Soros has spent $50 million getting the group INET (Institute for New Economic Thinking) to throw a remake of the famous Bretton Woods conference held near the end of World War II. This conference begins April 8 and Soros’s goal is to “establish new international rules” and “reform the currency system.” It’s all according to a plan laid out in a Nov. 4, 2009, Soros op-ed calling for “a grand bargain that rearranges the entire financial order.”
Of course it’s gotten little press, despite having eight separate journalists on the list of 90 speakers. That list includes six from The Financial Times, which hasn’t mentioned INET since November.
Though the Soros-funded INET keeps adding new speakers, more than two-thirds of those are still connected directly to George Soros. Some of the newer additions are also blatantly liberal, in case there was any doubt about the nature of the event.

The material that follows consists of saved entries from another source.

lemma compact_factor_mono:
  assumes P: "subgroup P G" and K: "subgroup K G" "K \<subseteq> P" "closedin T K"
    and L: "subgroup L G" and Y: "subgroup Y G" "Y \<subseteq> L" "L \<subseteq> K"
    and compact: "compact_factor G T P Y"
  shows "compact_factor G T K L"
proof -
  define S where "S = (\<lambda>k. Y #> k) ` K"
  have Pt: "P \<subseteq> topspace T" using subgroup.subset[OF P] topspace_eq by simp
  have "{k \<in> P. Y #> k \<in> S} = K"
    unfolding S_def using mem_of_rcos_mem_image[OF K(1) Y(1)] Y(2,3) K(2) subgroup.subset[OF P]
    by blast
  moreover have "closedin (subtopology T P) K"
    using closedin_subtopology_Int_closed[OF K(3), of P] K(2) by (simp add: Int_absorb1)
  ultimately have "closedin (quotient_top G T P Y) S"
    by (intro closedin_quotient_topI[OF Pt]) (use K(2) S_def in auto)
  then have "compactin (quotient_top G T P Y) S"
    using compact closedin_compact_space unfolding compact_factor_def by blast
  then have "compactin (subtopology (quotient_top G T P Y) S) S"
    by (simp add: compactin_subtopology)
  from image_compactin[OF this continuous_map_quotient_top_coarsen[OF P K(1,2) L Y, folded S_def]]
  have "compactin (quotient_top G T K L) ((\<lambda>c. L <#> c) ` S)" .
  moreover have "(\<lambda>c. L <#> c) ` S = topspace (quotient_top G T K L)"
    unfolding S_def image_image topspace_quotient_top[OF subset_trans[OF K(2) Pt]]
    using set_mult_rcos_absorb[OF L Y(1,2)] subgroup.subset[OF K(1)] by (auto intro!: image_cong)
  ultimately show ?thesis unfolding compact_factor_def compact_space_def by simp
qed

lemma discrete_factor_mono:
  assumes P: "subgroup P G" and K: "subgroup K G" "K \<subseteq> P"
    and L: "subgroup L G" and Y: "subgroup Y G" "Y \<subseteq> L" "L \<subseteq> K"
    and discrete: "discrete_factor G T P Y"
  shows "discrete_factor G T K L"
  unfolding discrete_factor_def
proof
  have Pt: "P \<subseteq> topspace T" using subgroup.subset[OF P] topspace_eq by simp
  have Kt: "K \<subseteq> topspace T" using subgroup.subset[OF K(1)] topspace_eq by simp
  fix c assume "c \<in> topspace (quotient_top G T K L)"
  then obtain k where k: "k \<in> K" "c = L #> k" using topspace_quotient_top[of K T G L] Kt by auto
  have YP: "Y \<subseteq> P" using Y(2,3) K(2) by blast
  have open_rcos: "openin (subtopology T P) (Y #> a)" if "a \<in> P" for a
  proof -
    have "Y #> a \<in> topspace (quotient_top G T P Y)"
      using that topspace_quotient_top[of P T G Y] Pt by auto
    then have "openin (quotient_top G T P Y) {Y #> a}"
      using discrete unfolding discrete_factor_def by blast
    then show ?thesis
      unfolding openin_quotient_top rcos_vimage_singleton[OF P Y(1) YP that] by blast
  qed
  have "openin (subtopology T K) (Y #> (l \<otimes> k))" if "l \<in> L" for l
  proof -
    have lk: "l \<otimes> k \<in> K" using that k(1) Y(3) subgroup.m_closed[OF K(1)] by blast
    show ?thesis
      by (rule openin_subtopology_subset[OF open_rcos rcos_subset_subgroup[OF K(1) _ lk] K(2)])
         (use lk K(2) Y(2,3) in blast)+
  qed
  then have "openin (subtopology T K) (L #> k)"
    unfolding rcos_eq_UN_rcos[OF L Y(1,2) subgroup.mem_carrier[OF K(1) k(1)]]
    by (intro openin_Union) blast
  then show "openin (quotient_top G T K L) {c}"
    unfolding openin_quotient_top using rcos_vimage_singleton[OF K(1) L Y(3) k(1)] k by auto
qed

A few of the new additions include:
- Brad DeLong, professor of Economics, University of California at Berkeley. DeLong is both a prominent liberal economist and a perennial defender of Soros. DeLong even went so far as to connect criticism of Soros with anti-Semitism, calling one graphic from “The O’Reilly Factor,” the “Protocols of the Elders of George Soros.” According to DeLong’s own blog, INET funds the Berkeley economics department for $1.25 million. “The University of California, Berkeley's Department of Economics is the recipient of a $1.25 million grant from the Institute for New Economic Thinking (INET) to develop a Berkeley Economic History Laboratory. The new lab will train economists to be more historically literate so they can better contribute to policy debates ... The award is the largest of 30 first round grants announced recently by the institute.”
- Wendy Carlin, professor of Economics, University College London, is yet another speaker connected directly to INET, which is sponsoring the conference with Soros funding. Carlin is a member of the advisory board.
- Barry C. Lynn, the director of the Markets, Enterprise, and Resiliency Initiative, and a senior fellow at the Soros-funded New America Foundation, a liberal think tank.
- Wolfgang Munchau, co-founder and president of Eurointelligence ASBL. He is also an associate editor of the Financial Times. He serves on the board of the European Council on Foreign Relations with George Soros.
- Paul Blustein, who focuses on trade and international economic policy for the Soros-funded Brookings Institute, also worked as a reporter for the Washington Post.
With just over a week to go until Soros’ new Bretton Woods conference, Fox News remains the only major media outlet to cover this event.